R script for computation of G values

This script allows one to take a set of pairwise 2D-SFS and compute G values for individual contigs from one pair of populations. All scripts are provided in their current state of development with no warranty that they will work in all cases, and only for reference purposes. They can be used and modified by citing the Author (see script header).

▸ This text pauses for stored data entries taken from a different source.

lemma wallis_sq_le: "(wallis m)^2 * (real m + 1) \<le> 1"
proof (induction m)
  case 0
  then show ?case
    by (simp add: wallis_0)
next
  case (Suc m)
  have "(wallis (Suc m))^2 * (real (Suc m) + 1)
        = (wallis m)^2 * ((2*real m + 1)^2 * (real m + 2) / (2*real m + 2)^2)"
    by (simp add: wallis_Suc power_divide power_mult_distrib field_simps)
       (simp add: algebra_simps power2_eq_square)
  also have "\<dots> \<le> (wallis m)^2 * (real m + 1)"
  proof (rule mult_left_mono)
    have "(2*real m + 1)^2 * (real m + 2) \<le> (real m + 1) * (2*real m + 2)^2"
      by (simp add: power2_eq_square algebra_simps)
    then show "(2*real m + 1)^2 * (real m + 2) / (2*real m + 2)^2 \<le> real m + 1"
      by (simp add: divide_le_eq)
  qed simp
  finally show ?case
    using Suc.IH by simp
qed

lemma wallis_le_1: "wallis m \<le> 1"
proof -
  have "(wallis m)^2 \<le> (wallis m)^2 * (real m + 1)"
    by (simp add: mult_le_cancel_left1)
  then have "(wallis m)^2 \<le> 1"
    using wallis_sq_le[of m] by simp
  then show ?thesis
    using wallis_pos[of m] by (simp add: power_le_one_iff abs_le_iff power2_le_iff_abs_le)
qed

lemma wallis_eq_gbinomial: "wallis m = (-1)^m * ((-1/2::real) gchoose m)"
proof (induction m)
  case 0
  then show ?case
    by (simp add: wallis_0)
next
  case (Suc m)
  have step: "((-1/2::real) gchoose Suc m) = ((-1/2) gchoose m) * (-1/2 - real m) / (real m + 1)"
    using gbinomial_mult_1[of "-1/2::real" m] by (simp add: field_simps)
  show ?case
    unfolding wallis_Suc Suc.IH step by (simp add: field_simps)
qed

lemma wallis_sums: "\<bar>y\<bar> < 1 \<Longrightarrow> (\<lambda>m. wallis m * y^m) sums (1 / sqrt (1 - y))"
proof -
  assume y: "\<bar>y\<bar> < 1"
  have "(\<lambda>n. ((-1/2::real) gchoose n) * (-y)^n) sums (1 + -y) powr (-1/2)"
    using y by (intro gen_binomial_real) simp
  moreover have "((-1/2::real) gchoose n) * (-y)^n = wallis n * y^n" for n
  proof -
    have "(-1::real)^n * (-1)^n = 1"
      by (simp flip: power_mult_distrib)
    then show ?thesis
      unfolding wallis_eq_gbinomial power_minus[of y n] by (simp only: mult_ac)
  qed
  moreover have "(1 + -y) powr (-1/2) = 1 / sqrt (1 - y)"
  proof -
    have "(1 - y) powr (-1/2) = inverse ((1 - y) powr (1/2))"
      using powr_minus[of "1 - y" "1/2"] by simp
    also have "(1 - y) powr (1/2) = sqrt (1 - y)"
      using y by (intro powr_half_sqrt) simp
    finally show ?thesis
      by (simp add: inverse_eq_divide)
  qed
  ultimately show ?thesis
    by simp
qed

definition binom_term :: "nat \<Rightarrow> real" where
  "binom_term n = real ((4*n) choose (2*n)) * real ((2*n) choose n) / (real n * 64 ^ n)"

lemma binom_term_eq_wallis: "binom_term n = wallis (2*n) * wallis n / n"
proof -
  have "real ((4*n) choose (2*n)) = wallis (2*n) * 16^n"
    using power_mult[of "4::real" 2 n] by (simp add: wallis_def)
  moreover have "real ((2*n) choose n) = wallis n * 4^n"
    by (simp add: wallis_def)
  ultimately show ?thesis
    unfolding binom_term_def by (simp add: field_simps power_mult_distrib[symmetric])
qed

lemma binom_term_Suc_Suc:
  "binom_term (Suc (Suc n)) = binom_term (Suc n) * ((real n + 5/4) * (real n + 7/4) * (real n + 1) / (real n + 2)^3)"
proof -
  define a where "a = wallis (2 * Suc n)"
  define b where "b = wallis (Suc n)"
  have "binom_term (Suc (Suc n))
        = (a * (4*real n + 5) * (4*real n + 7) / ((4*real n + 6) * (4*real n + 8)))
          * (b * (2*real n + 3) / (2*real n + 4)) / (real n + 2)"
    unfolding binom_term_eq_wallis wallis_double_Suc[of "Suc n"] wallis_Suc[of "Suc n"] a_def b_def
    by (simp add: algebra_simps)
  also have "\<dots> = (a * b / (real n + 1)) * ((real n + 5/4) * (real n + 7/4) * (real n + 1) / (real n + 2)^3)"
    by (simp add: divide_simps) (simp add: algebra_simps power3_eq_cube)
  finally show ?thesis
    unfolding binom_term_eq_wallis a_def b_def by (simp add: add.commute)
qed

lemma prod_list_map_times:
  "(\<Prod>x\<leftarrow>xs. f x * g x) = (\<Prod>x\<leftarrow>xs. f x) * (\<Prod>x\<leftarrow>xs. g x :: 'a::comm_monoid_mult)"
  by (induction xs) (simp_all add: mult_ac)

text \<open>No hypothesis on the lower parameters is needed: if some b + n vanishes, both sides are 0
  by the convention x / 0 = 0.\<close>
lemma hypergeom_term_Suc:
  "hypergeom_term as bs z (Suc n)
   = hypergeom_term as bs z n * ((\<Prod>a\<leftarrow>as. a + of_nat n) / (\<Prod>b\<leftarrow>bs. b + of_nat n) * z / of_nat (Suc n))"
  by (simp add: hypergeom_term_def pochhammer_Suc prod_list_map_times fact_Suc
      divide_inverse inverse_mult_distrib mult_ac)

lemma binom_term_Suc_eq_hypergeom_term:
  "binom_term (Suc n) = 3/16 * hypergeom_term [1, 1, 5/4, 7/4] [2, 2, 2] 1 n"
proof (induction n)
  case 0
  then show ?case
    by (simp add: binom_term_def hypergeom_term_def binomial_fact numeral_eq_Suc)
next
  case (Suc n)
  have ratio: "(\<Prod>a\<leftarrow>[1, 1, 5/4, 7/4]. a + real n) / (\<Prod>b\<leftarrow>[2, 2, 2]. b + real n) * 1 / real (Suc n)
        = (real n + 5/4) * (real n + 7/4) * (real n + 1) / (real n + 2)^3"
    by (simp add: divide_simps) (simp add: algebra_simps power3_eq_cube)
  show ?case
    unfolding binom_term_Suc_Suc Suc.IH hypergeom_term_Suc ratio by simp
qed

Example files can be obtained from the Author upon request.

#this script was written by Ivan Scotti, INRA, URFM
#Site Agroparc, Domaine Saint-Paul
#84914 AVIGNON Cedex 9
#you are free to use and modify it, provided you quote the author
#for questions, please contact Ivan Scotti at
#ivan.scotti[at]paca.inra.fr
#15 July 2015
#
G2DcalcMultiPop<-function(sfs=multiPopSFS.list,allfreq=minAllFreq.df,firstPop,secondPop,sampleSize)
  {  
#allows one to comput 2D-SFS for a pair of populations out of a group
#of populations.
#NB this is for PAIRWISE SFS's, not for multi-pop SFS's
#the arguments are:
#allfreq, which defaults to minAllFreq.df
#sfs, which defaults to multiPopSFS.list
#both defaults are inherited from the fromArpToSFS() function
#firstPop and secondPop, the ordinal index of the populations
#sampleSize, the sample per pop
#
#EXTRACTING MULTINOMIAL PROBS BY CONTIG
#First, obtaining contingency tables by contig
#writing ad-hoc function
#NB coerce table to sampleSize by sampleSize
#2D-SFS tables are made from allele counts in each pop
#
#levels are coerced to 0:sampleSize (=nb of alleles)

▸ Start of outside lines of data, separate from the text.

(* Let $k\in\mathbb{R}$, $r\in(0,\tfrac12\operatorname{diam}S^n_k]$, and let $D^n_k(r)\subset S^n_k$ be a closed disk of radius $r$. Let $\tilde p\in D^n_k(r)$ and $\tilde q\in\partial D^n_k(r)$ be points on a geodesic through the center of $D^n_k(r)$. Define $f:S^n_k\setminus\{\tilde q\}\to\mathbb{R}$ by $f(\tilde x)=\frac{m_k(|\tilde p\tilde x|)-m_k(|\tilde p\tilde q|)}{m_k(|\tilde q\tilde x|)}$. Then (1) $f(\tilde x)=\frac{m_k'(r-|\tilde p\tilde q|)}{m_k'(r)}$ for all $\tilde x\in\partial D^n_k(r)\setminus\{\tilde q\}$; and (2) if $B^n_k(r)$ denotes the interior of $D^n_k(r)$, then $f|_{B^n_k(r)}<\frac{m_k'(r-|\tilde p\tilde q|)}{m_k'(r)}<f|_{S^n_k\setminus D^n_k(r)}$.
   Context: $S^n_k$ is the simply connected complete $n$-manifold of constant curvature $k$, $\operatorname{diam}S^n_k=\pi/\sqrt k$ if $k>0$ and $\infty$ otherwise; $|\tilde x\tilde y|$ is its distance. $m_k$ is the solution of $y''+ky=1$, $y(0)=y'(0)=0$: $m_k(t)=\frac1k(1-\cos\sqrt k t)$ ($k>0$), $t^2/2$ ($k=0$), $\frac1{|k|}(\cosh\sqrt{|k|}t-1)$ ($k<0$). Thus $\frac{m_k'(r-|\tilde p\tilde q|)}{m_k'(r)}$ equals $\sin(\sqrt k(r-|\tilde p\tilde q|))/\sin(\sqrt k r)$, $(r-|\tilde p\tilde q|)/r$, or $\sinh(\sqrt{|k|}(r-|\tilde p\tilde q|))/\sinh(\sqrt{|k|}r)$ according as $k>0,=0,<0$. *)

theory Defs
  imports "HOL-Analysis.Analysis"
begin

text \<open>Concrete models of the space form S^n_k inside R^(n+1) = (real^'n) x real.
  k > 0: round sphere of radius 1/sqrt k;  k = 0: the hyperplane t = 0 (Euclidean R^n);
  k < 0: upper sheet of the hyperboloid in Minkowski space.\<close>

definition lor :: "((real^'n) \<times> real) \<Rightarrow> ((real^'n) \<times> real) \<Rightarrow> real" where
  "lor p q = fst p \<bullet> fst q - snd p * snd q"

definition space_form :: "real \<Rightarrow> ((real^'n) \<times> real) set" where
  "space_form k =
     (if k > 0 then {p. p \<bullet> p = 1 / k}
      else if k = 0 then {p. snd p = 0}
      else {p. lor p p = 1 / k \<and> snd p > 0})"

#each table takes a vector form (?) so that the output is a matrix
#with each contig in a column
contigTable<-function(y){table(factor(y[,(firstPop+1)],levels=0:sampleSize),
    factor(y[,(secondPop+1)],levels=0:sampleSize))
  }
#applying by contig (using by())
#INDICES is the contig column in the MinAllFreq.df object:
#it must be written explicitly as an argument (this is normal)
contig2DSFS<-by(minAllFreq.df,FUN=contigTable,INDICES=as.factor(minAllFreq.df[,1]))
#
#implementing multinomial prob calculation for tables:
#the function here takes each element of the matrix-containing list,
#turns them into vectors and computes probabilities
#based on the expectation contained in the global (genome-wide) MAF 2DSFS
#this requires that the genome-wide SFS's name is HARDWIRED
#(I could change this, too)
#
#***IMPORTANT***
#the MAF2DSFS here must be obtained from the SIMULATED DATA
#that have been simulated based on the observed SFS, which
#is NOT USED ANYMORE here.
#first, the right element of multiPopSFS.list must be identified
pointer<-matrix(ncol=2)
for (i in 1:(nPop-1))
{
  for (j in (i+1):nPop)
  {
    pointer<-rbind(pointer,c(i,j))
  }
}
pointer<-pointer[-1,]
pointer<-cbind(pointer,1:nrow(pointer))
sfsIndex<-pointer[pointer[,1]==firstPop & pointer[,2]==secondPop,3]
multinomProbs<-function(X){dmultinom(x=as.vector(X),
                                     prob=as.vector(as.matrix(sfs[[sfsIndex]])))}
#notice that the function is run through a lapply()
#because the starting object is a LIST
ProbsGlobal.list<-lapply(X=contig2DSFS,FUN=multinomProbs)
#same as above, but computes probs relative to the
#LOCAL expectation
multinomProbsLocal<-function(X){dmultinom(x=as.vector(X),
                                          prob=as.vector(X))}
ProbsLocal.list<-lapply(X=contig2DSFS,FUN=multinomProbsLocal)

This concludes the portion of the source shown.